Australian film director (born 1964)

Stephan Elliott (born 27 August 1964) is an Australian film director and screenwriter. His best-known film internationally is The Adventures of Priscilla, Queen of the Desert (1994).

==Career==
Elliott began his career as an assistant director working in the Australian film industry in the 1980s.

His first two feature films, Frauds (starring musician Phil Collins) and The Adventures of Priscilla, Queen of the Desert, along with his shorter films Fast and The Agreement were produced by Rebel Penfold-Russell's Australian production company Latent Image Productions.

Frauds, The Adventures of Priscilla, Queen of the Desert and Welcome to Woop Woop were all officially selected to screen at the Cannes Film Festival, with "Priscilla" winning the Prix du public as well as an Academy Award for Best Costume Design.

In 2004 Elliott had a skiing accident and was hospitalised for several months. He said the accident caused him to rediscover his sense of humour.

His film Easy Virtue, co-written with Sheridan Jobbins, is based on the Noël Coward play of the same name. It stars Colin Firth, Kristin Scott Thomas, Jessica Biel and Ben Barnes and was produced by Barnaby Thompson for Ealing Studios in the UK, and premiered at the Toronto International Film Festival on 8 September 2008. It has also screened in the Rio Film Festival, Rome Film Festival and London Film Festival.

His next film, A Few Best Men starring Xavier Samuel and Olivia Newton-John was released in 2012.

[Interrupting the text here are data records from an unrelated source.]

lemma sd_prod_qdend_identities:
  assumes "q \<noteq> 0" "vector_space sW"
    and D: "qdend_alg q UNIV s succ prec"
    and M: "qdend_bimod q UNIV s succ prec W sW ls rs lp rp"
    and uvw: "u \<in> W" "v \<in> W" "w \<in> W"
  defines "succ' \<equiv> sd_prod succ ls rs" and "prec' \<equiv> sd_prod prec lp rp"
  shows "prec' (prec' (x, u) (y, v)) (z, w)
      = pscale s sW q (prec' (x, u) (dast succ' prec' (y, v) (z, w)))"
    and "prec' (succ' (x, u) (y, v)) (z, w)
      = pscale s sW q (succ' (x, u) (prec' (y, v) (z, w)))"
    and "succ' (x, u) (succ' (y, v) (z, w))
      = pscale s sW (inverse q) (succ' (dast succ' prec' (x, u) (y, v)) (z, w))"
proof -
  interpret vector_space sW by fact
  note A = qdend_algD[OF D] and M = qdend_bimodD[OF M]
  note W = subspace_onD[OF M(1)]
  note lin = rep_mapD[OF M(2)] rep_mapD[OF M(3)] rep_mapD[OF M(4)] rep_mapD[OF M(5)]
  have "lp (prec x y) w + rp z (lp x v + rp y u)
      = sW q (lp x (ls y w + lp y w)) + sW q (lp x (rs z v + rp z v)) + sW q (rp (dast succ prec y z) u)"
    using uvw by (simp add: M(6,7,8) lin add.assoc)
  also have "\<dots> = sW q (lp x (lp y w + rp z v + (ls y w + rs z v)) + rp (prec y z + succ y z) u)"
    using uvw by (simp add: lin W dast_def scale_right_distrib add_ac)
  finally show "prec' (prec' (x, u) (y, v)) (z, w)
      = pscale s sW q (prec' (x, u) (dast succ' prec' (y, v) (z, w)))"
    by (simp add: succ'_def prec'_def sd_prod_def pscale_def dast_def A(4))
  have "lp (succ x y) w + rp z (ls x v + rs y u)
      = sW q (ls x (lp y w)) + sW q (ls x (rp z v)) + sW q (rs (prec y z) u)"
    using uvw by (simp add: M(9,10,11) lin add.assoc)
  also have "\<dots> = sW q (ls x (lp y w + rp z v) + rs (prec y z) u)"
    using uvw by (simp add: lin W scale_right_distrib)
  finally show "prec' (succ' (x, u) (y, v)) (z, w)
      = pscale s sW q (succ' (x, u) (prec' (y, v) (z, w)))"
    by (simp add: succ'_def prec'_def sd_prod_def pscale_def A(5))
  have "ls (prec x y + succ x y) w + rs z (lp x v + rp y u + (ls x v + rs y u))
      = ls (dast succ prec x y) w + rs z (ls x v + lp x v) + rs z (rs y u + rp y u)"
    using uvw by (simp add: lin W dast_def add_ac)
  also have "\<dots> = sW q (ls x (ls y w)) + sW q (ls x (rs z v)) + sW q (rs (succ y z) u)"
    using uvw by (simp only: M(12,13,14) UNIV_I)
  also have "\<dots> = sW q (ls x (ls y w) + ls x (rs z v) + rs (succ y z) u)"
    by (simp add: scale_right_distrib)
  finally show "succ' (x, u) (succ' (y, v) (z, w))
      = pscale s sW (inverse q) (succ' (dast succ' prec' (x, u) (y, v)) (z, w))"
    using \<open>q \<noteq> 0\<close>
    by (simp add: succ'_def prec'_def sd_prod_def pscale_def dast_def A(6) lin uvw)
qed

lemma qdend_alg_sd_prod:
  assumes "q \<noteq> 0" "vector_space sW"
    and D: "qdend_alg q UNIV s succ prec"
    and M: "qdend_bimod q UNIV s succ prec W sW ls rs lp rp"
  shows "qdend_alg q (UNIV \<times> W) (pscale s sW) (sd_prod succ ls rs) (sd_prod prec lp rp)"
proof -
  note A = qdend_algD[OF D] and B = qdend_bimodD[OF M]
  note W = subspace_onD[OF B(1)]
  have "subspace_on (UNIV \<times> W) (pscale s sW)"
    using W unfolding subspace_on_def pscale_def by (auto simp: zero_prod_def)
  moreover have "bilinear_on (UNIV \<times> W) (pscale s sW) (sd_prod succ ls rs)"
    and "bilinear_on (UNIV \<times> W) (pscale s sW) (sd_prod prec lp rp)"
    using bilinear_on_sd_prod[OF \<open>vector_space sW\<close> B(1)] A(2,3) B(2-5) by blast+
  ultimately show ?thesis
    unfolding qdend_alg_def
    using sd_prod_qdend_identities[OF assms] by (auto simp: mem_Times_iff)
qed

lemma dast_sd_prod:
  fixes succ prec :: "'a::ab_semigroup_add \<Rightarrow> 'a \<Rightarrow> 'a"
    and ls rs lp rp :: "'a \<Rightarrow> 'w::ab_semigroup_add \<Rightarrow> 'w"
  shows "dast (sd_prod succ ls rs) (sd_prod prec lp rp)
       = sd_prod (dast succ prec) (\<lambda>x w. ls x w + lp x w) (\<lambda>x w. rs x w + rp x w)"
  by (simp add: fun_eq_iff dast_def sd_prod_def add_ac)

lemma subspace_on_dual_space: "subspace_on (dual_space sV) (dscale :: 'k::field \<Rightarrow> _)"
  unfolding subspace_on_def dual_space_def dscale_def by (auto simp: algebra_simps)

lemma rep_map_dual_rep:
  assumes "rep_map UNIV s UNIV sV f"
  shows "rep_map UNIV s (dual_space sV) (dscale :: 'k::field \<Rightarrow> _) (dual_rep f)"
  using rep_mapD[OF assms]
  unfolding rep_map_def lin_endo_def dual_space_def dscale_def dual_rep_def
  by (auto simp: algebra_simps fun_eq_iff)

lemma qdend_bimod_dual:
  fixes q :: "'k::field" and sV :: "'k \<Rightarrow> 'v::ab_group_add \<Rightarrow> 'v"
  assumes "q \<noteq> 0" "vector_space sV"
    and M: "qdend_bimod q UNIV s succ prec UNIV sV ls rs lp rp"
  shows "qdend_bimod q UNIV s succ prec (dual_space sV) dscale
      (\<lambda>x a. dscale (inverse (q^2)) (dual_rep rs x a + dual_rep rp x a))
      (\<lambda>x a. dscale (- (q^2)) (dual_rep lp x a))
      (\<lambda>x a. dscale (- inverse (q^2)) (dual_rep rs x a))
      (\<lambda>x a. dscale (q^2) (dual_rep ls x a + dual_rep lp x a))"
proof -
  interpret vector_space sV by fact
  note M = qdend_bimodD[OF M]
  note lin = rep_mapD[OF M(2), simplified] rep_mapD[OF M(3), simplified]
    rep_mapD[OF M(4), simplified] rep_mapD[OF M(5), simplified]
  note dual = rep_map_dual_rep[OF M(2)] rep_map_dual_rep[OF M(3)]
    rep_map_dual_rep[OF M(4)] rep_map_dual_rep[OF M(5)]
  note rep = rep_map_scale[OF vector_space_dscale subspace_on_dual_space]
    rep_map_add[OF vector_space_dscale subspace_on_dual_space]
  txt \<open>Four of the nine identities are used inverted, so that together they form a
    terminating rewrite system.\<close>
  have inv: "rs (prec y x) w = sV (inverse q) (rp x (rs y w))"
    "rs (succ y x) w = sV (inverse q) (rs x (rs y w + rp y w))"
    "rp (dast succ prec y x) w = sV (inverse q) (rp x (rp y w))"
    "ls y (rs x w) = sV (inverse q) (rs x (ls y w + lp y w))" for x y w
    using M(8)[of x y w] M(11)[of x y w] M(13)[of x y w] M(14)[of x y w] \<open>q \<noteq> 0\<close> by simp_all
  have dast: "rs (dast succ prec y x) w
      = sV (inverse q) (rp x (rs y w)) + sV (inverse q) (rs x (rs y w + rp y w))"
    "lp (dast succ prec x y) w = sV q (lp x (ls y w + lp y w)) + sV q (ls x (lp y w))" for x y w
    using inv M(6,9) by (simp_all add: lin dast_def)
  have mem: "a \<in> dual_space sV
      \<longleftrightarrow> (\<forall>u v. a (u + v) = a u + a v) \<and> (\<forall>c u. a (sV c u) = c * a u)" for a
    unfolding dual_space_def by simp
  show ?thesis
    unfolding qdend_bimod_def Let_def
    by (intro conjI ballI subspace_on_dual_space rep dual)
      (auto intro!: ext simp: mem dscale_def dual_rep_def M(6,7,9,10,12) inv dast lin
        field_simps \<open>q \<noteq> 0\<close> power2_eq_square)
qed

He also wrote the script for the stage play of Priscilla, which premiered in 2007 at Sydney's Lyric Theatre in Star City.

==Personal life==
Elliott came out as gay during his presentation at the inaugural AACTA Awards in Sydney on 31 January 2012. He has been in a relationship with his partner, Wil Bevolley, since the late 1980s. They had a civil partnership ceremony in London in 2008.

==Filmography==
- Frauds (1993)
- The Adventures of Priscilla, Queen of the Desert (1994)
- Welcome to Woop Woop (1997)
- Eye of the Beholder (1999)
- Easy Virtue (2008)
- A Few Best Men (2011)
- Rio, I Love You, fourth segment: "I Think I'm in Love" (2014)
- Swinging Safari (2018)
- Priscilla Queen of the Desert 2 (TBA)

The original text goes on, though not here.